-- Entries shown follows --

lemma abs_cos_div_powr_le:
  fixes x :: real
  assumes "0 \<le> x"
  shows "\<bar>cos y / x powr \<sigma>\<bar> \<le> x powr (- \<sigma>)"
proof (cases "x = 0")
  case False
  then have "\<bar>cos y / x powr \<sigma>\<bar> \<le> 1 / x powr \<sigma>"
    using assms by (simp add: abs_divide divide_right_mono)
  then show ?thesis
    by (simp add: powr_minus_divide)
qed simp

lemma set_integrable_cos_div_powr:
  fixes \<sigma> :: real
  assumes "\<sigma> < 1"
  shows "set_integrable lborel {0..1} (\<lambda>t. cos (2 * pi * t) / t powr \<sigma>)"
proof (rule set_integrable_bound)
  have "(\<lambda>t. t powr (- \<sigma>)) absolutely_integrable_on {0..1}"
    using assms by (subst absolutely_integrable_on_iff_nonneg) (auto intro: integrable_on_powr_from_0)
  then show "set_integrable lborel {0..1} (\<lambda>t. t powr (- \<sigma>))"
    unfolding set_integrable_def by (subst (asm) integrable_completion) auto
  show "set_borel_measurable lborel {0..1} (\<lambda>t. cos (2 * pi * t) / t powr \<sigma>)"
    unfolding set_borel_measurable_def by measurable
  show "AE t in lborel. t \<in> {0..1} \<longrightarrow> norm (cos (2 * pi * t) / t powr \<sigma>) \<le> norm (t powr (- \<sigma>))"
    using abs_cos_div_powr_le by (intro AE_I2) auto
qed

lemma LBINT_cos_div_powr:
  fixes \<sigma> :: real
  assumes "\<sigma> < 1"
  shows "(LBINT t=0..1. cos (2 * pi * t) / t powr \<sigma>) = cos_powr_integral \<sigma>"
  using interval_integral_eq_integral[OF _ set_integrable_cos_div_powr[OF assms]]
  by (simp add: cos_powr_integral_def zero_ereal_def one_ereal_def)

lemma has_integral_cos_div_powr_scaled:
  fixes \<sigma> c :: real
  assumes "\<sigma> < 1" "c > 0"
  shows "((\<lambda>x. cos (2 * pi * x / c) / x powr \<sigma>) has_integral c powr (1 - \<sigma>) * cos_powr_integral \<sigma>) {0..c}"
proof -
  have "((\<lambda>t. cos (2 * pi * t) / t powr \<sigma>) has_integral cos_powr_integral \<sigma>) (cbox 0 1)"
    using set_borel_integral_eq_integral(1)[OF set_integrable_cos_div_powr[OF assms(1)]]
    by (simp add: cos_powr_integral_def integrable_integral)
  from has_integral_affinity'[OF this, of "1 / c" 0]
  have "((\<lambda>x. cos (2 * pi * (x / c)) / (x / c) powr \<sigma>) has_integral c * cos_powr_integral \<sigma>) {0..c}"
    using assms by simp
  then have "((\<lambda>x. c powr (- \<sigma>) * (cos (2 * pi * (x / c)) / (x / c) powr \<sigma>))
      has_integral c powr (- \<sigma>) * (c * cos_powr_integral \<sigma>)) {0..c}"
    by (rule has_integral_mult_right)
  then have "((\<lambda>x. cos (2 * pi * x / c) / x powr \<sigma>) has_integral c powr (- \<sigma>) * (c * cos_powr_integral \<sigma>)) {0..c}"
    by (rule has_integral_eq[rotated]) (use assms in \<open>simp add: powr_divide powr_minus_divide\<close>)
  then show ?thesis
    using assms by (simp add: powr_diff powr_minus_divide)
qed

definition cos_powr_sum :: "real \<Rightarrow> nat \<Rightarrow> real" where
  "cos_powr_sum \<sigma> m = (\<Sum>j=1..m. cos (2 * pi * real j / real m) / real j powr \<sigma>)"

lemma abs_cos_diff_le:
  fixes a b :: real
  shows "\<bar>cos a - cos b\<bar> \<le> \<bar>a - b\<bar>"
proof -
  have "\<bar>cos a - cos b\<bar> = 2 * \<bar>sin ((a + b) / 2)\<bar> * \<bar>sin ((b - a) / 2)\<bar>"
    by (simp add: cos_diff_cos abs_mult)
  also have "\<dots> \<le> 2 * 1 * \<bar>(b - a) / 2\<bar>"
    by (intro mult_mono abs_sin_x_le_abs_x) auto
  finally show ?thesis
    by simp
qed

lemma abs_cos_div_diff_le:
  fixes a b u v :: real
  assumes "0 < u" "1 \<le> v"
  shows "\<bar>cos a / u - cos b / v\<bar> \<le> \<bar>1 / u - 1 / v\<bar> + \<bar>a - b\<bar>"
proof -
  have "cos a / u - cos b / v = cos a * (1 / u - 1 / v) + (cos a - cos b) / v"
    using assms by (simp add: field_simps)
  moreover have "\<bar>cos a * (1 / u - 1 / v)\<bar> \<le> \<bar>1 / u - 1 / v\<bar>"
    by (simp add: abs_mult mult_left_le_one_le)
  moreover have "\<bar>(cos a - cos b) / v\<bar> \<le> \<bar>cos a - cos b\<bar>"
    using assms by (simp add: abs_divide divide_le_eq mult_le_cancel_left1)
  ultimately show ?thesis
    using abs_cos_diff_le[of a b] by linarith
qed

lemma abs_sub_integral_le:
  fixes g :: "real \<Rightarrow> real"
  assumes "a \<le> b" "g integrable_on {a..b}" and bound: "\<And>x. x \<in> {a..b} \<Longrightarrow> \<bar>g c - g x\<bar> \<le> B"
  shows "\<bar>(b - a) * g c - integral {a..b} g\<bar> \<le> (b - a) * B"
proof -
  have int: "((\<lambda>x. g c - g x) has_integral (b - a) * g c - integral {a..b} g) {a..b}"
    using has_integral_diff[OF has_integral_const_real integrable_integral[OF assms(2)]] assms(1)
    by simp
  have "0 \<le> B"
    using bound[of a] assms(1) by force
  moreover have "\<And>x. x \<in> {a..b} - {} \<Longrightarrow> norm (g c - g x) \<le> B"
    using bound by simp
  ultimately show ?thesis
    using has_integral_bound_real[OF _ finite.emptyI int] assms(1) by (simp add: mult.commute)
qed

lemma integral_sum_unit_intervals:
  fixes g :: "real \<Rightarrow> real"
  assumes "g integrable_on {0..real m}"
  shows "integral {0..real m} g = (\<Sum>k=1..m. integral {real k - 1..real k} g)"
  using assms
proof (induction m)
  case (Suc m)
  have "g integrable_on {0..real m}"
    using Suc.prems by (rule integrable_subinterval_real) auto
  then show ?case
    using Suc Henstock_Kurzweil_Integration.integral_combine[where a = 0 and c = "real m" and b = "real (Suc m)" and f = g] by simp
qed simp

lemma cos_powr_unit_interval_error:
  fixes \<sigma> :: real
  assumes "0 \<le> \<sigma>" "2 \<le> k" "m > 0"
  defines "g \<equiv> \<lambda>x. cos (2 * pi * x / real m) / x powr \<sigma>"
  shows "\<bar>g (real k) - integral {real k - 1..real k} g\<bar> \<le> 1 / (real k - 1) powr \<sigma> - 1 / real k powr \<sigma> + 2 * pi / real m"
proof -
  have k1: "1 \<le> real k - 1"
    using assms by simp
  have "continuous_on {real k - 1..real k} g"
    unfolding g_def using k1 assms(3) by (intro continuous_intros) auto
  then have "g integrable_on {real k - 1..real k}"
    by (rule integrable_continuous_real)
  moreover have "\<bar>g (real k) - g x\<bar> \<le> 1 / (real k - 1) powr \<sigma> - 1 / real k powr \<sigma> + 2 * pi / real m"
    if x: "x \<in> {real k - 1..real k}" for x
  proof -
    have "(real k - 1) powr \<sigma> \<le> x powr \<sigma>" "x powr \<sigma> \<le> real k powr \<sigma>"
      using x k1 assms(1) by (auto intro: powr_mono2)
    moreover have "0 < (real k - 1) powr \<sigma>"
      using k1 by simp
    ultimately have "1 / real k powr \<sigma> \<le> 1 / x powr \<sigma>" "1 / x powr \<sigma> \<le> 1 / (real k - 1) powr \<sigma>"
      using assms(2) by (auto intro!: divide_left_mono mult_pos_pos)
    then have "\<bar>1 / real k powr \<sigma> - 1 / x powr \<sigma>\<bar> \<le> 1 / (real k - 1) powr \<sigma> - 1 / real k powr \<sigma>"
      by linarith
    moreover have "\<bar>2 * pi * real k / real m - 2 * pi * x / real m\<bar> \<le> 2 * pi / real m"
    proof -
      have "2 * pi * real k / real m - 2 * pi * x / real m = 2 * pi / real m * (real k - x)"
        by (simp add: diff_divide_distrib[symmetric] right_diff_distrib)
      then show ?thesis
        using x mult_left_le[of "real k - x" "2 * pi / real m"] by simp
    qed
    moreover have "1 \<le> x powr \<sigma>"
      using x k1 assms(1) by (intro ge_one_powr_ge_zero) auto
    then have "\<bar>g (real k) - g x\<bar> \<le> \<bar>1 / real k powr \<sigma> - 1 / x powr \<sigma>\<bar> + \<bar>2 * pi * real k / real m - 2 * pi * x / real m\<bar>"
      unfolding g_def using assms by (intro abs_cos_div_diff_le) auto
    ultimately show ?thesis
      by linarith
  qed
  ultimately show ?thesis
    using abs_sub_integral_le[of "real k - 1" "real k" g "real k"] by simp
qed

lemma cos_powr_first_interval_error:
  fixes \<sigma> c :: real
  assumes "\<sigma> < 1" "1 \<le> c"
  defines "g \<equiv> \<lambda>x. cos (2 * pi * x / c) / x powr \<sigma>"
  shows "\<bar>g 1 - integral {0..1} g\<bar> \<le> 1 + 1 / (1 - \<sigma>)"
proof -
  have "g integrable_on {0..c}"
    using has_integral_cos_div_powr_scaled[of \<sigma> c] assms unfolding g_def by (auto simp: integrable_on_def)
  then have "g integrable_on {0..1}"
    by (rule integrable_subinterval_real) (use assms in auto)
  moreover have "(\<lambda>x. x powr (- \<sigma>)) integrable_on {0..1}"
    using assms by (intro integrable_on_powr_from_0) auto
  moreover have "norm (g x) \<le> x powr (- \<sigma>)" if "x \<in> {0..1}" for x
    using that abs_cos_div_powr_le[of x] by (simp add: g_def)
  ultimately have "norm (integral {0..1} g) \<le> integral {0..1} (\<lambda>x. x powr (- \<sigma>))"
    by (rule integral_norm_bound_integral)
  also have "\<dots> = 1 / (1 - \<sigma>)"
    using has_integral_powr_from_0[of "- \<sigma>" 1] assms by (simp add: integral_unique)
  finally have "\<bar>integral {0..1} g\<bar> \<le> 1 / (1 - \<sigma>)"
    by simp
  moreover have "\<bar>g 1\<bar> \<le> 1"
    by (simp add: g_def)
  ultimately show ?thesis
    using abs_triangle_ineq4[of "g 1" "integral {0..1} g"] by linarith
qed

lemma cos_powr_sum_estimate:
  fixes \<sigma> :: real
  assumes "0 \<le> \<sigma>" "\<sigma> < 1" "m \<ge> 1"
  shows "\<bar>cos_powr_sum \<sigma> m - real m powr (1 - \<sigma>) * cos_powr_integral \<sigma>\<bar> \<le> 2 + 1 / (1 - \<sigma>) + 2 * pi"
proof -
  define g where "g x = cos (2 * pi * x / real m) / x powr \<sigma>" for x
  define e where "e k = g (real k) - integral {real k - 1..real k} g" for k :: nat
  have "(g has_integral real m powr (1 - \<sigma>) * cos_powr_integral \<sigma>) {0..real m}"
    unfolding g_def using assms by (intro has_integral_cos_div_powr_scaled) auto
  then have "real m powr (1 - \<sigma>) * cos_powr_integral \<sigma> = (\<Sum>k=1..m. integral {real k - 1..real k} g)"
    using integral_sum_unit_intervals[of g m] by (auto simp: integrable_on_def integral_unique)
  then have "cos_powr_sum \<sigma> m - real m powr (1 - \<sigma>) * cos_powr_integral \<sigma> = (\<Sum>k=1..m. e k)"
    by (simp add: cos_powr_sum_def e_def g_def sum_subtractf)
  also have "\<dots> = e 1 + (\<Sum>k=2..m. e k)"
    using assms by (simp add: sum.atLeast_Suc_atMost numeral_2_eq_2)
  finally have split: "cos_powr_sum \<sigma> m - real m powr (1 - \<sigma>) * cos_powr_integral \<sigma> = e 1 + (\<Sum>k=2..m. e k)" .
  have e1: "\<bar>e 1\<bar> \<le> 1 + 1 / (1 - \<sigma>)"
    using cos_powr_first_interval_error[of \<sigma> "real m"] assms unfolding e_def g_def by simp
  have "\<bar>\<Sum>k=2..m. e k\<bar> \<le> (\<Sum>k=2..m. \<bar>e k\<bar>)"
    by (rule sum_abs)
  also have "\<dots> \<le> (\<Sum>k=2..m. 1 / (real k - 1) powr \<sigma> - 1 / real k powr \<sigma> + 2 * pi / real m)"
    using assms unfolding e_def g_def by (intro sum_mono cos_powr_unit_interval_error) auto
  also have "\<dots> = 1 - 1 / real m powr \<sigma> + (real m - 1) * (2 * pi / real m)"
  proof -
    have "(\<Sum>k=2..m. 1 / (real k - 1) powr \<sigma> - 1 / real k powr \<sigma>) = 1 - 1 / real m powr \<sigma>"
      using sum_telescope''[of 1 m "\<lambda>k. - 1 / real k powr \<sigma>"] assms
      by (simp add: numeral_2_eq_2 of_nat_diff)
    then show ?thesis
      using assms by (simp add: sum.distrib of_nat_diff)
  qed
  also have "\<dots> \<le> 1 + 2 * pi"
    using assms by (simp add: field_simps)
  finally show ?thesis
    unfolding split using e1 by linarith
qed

-- Entries shown concluded --

**Activity**
Copy out the listing above, line by line and exactly, from its first line to the line holding "unfolding set_borel_measurable_def by", inclusive.

**Written answer**
lemma abs_cos_div_powr_le:
  fixes x :: real
  assumes "0 \<le> x"
  shows "\<bar>cos y / x powr \<sigma>\<bar> \<le> x powr (- \<sigma>)"
proof (cases "x = 0")
  case False
  then have "\<bar>cos y / x powr \<sigma>\<bar> \<le> 1 / x powr \<sigma>"
    using assms by (simp add: abs_divide divide_right_mono)
  then show ?thesis
    by (simp add: powr_minus_divide)
qed simp

lemma set_integrable_cos_div_powr:
  fixes \<sigma> :: real
  assumes "\<sigma> < 1"
  shows "set_integrable lborel {0..1} (\<lambda>t. cos (2 * pi * t) / t powr \<sigma>)"
proof (rule set_integrable_bound)
  have "(\<lambda>t. t powr (- \<sigma>)) absolutely_integrable_on {0..1}"
    using assms by (subst absolutely_integrable_on_iff_nonneg) (auto intro: integrable_on_powr_from_0)
  then show "set_integrable lborel {0..1} (\<lambda>t. t powr (- \<sigma>))"
    unfolding set_integrable_def by (subst (asm) integrable_completion) auto
  show "set_borel_measurable lborel {0..1} (\<lambda>t. cos (2 * pi * t) / t powr \<sigma>)"
    unfolding set_borel_measurable_def by measurable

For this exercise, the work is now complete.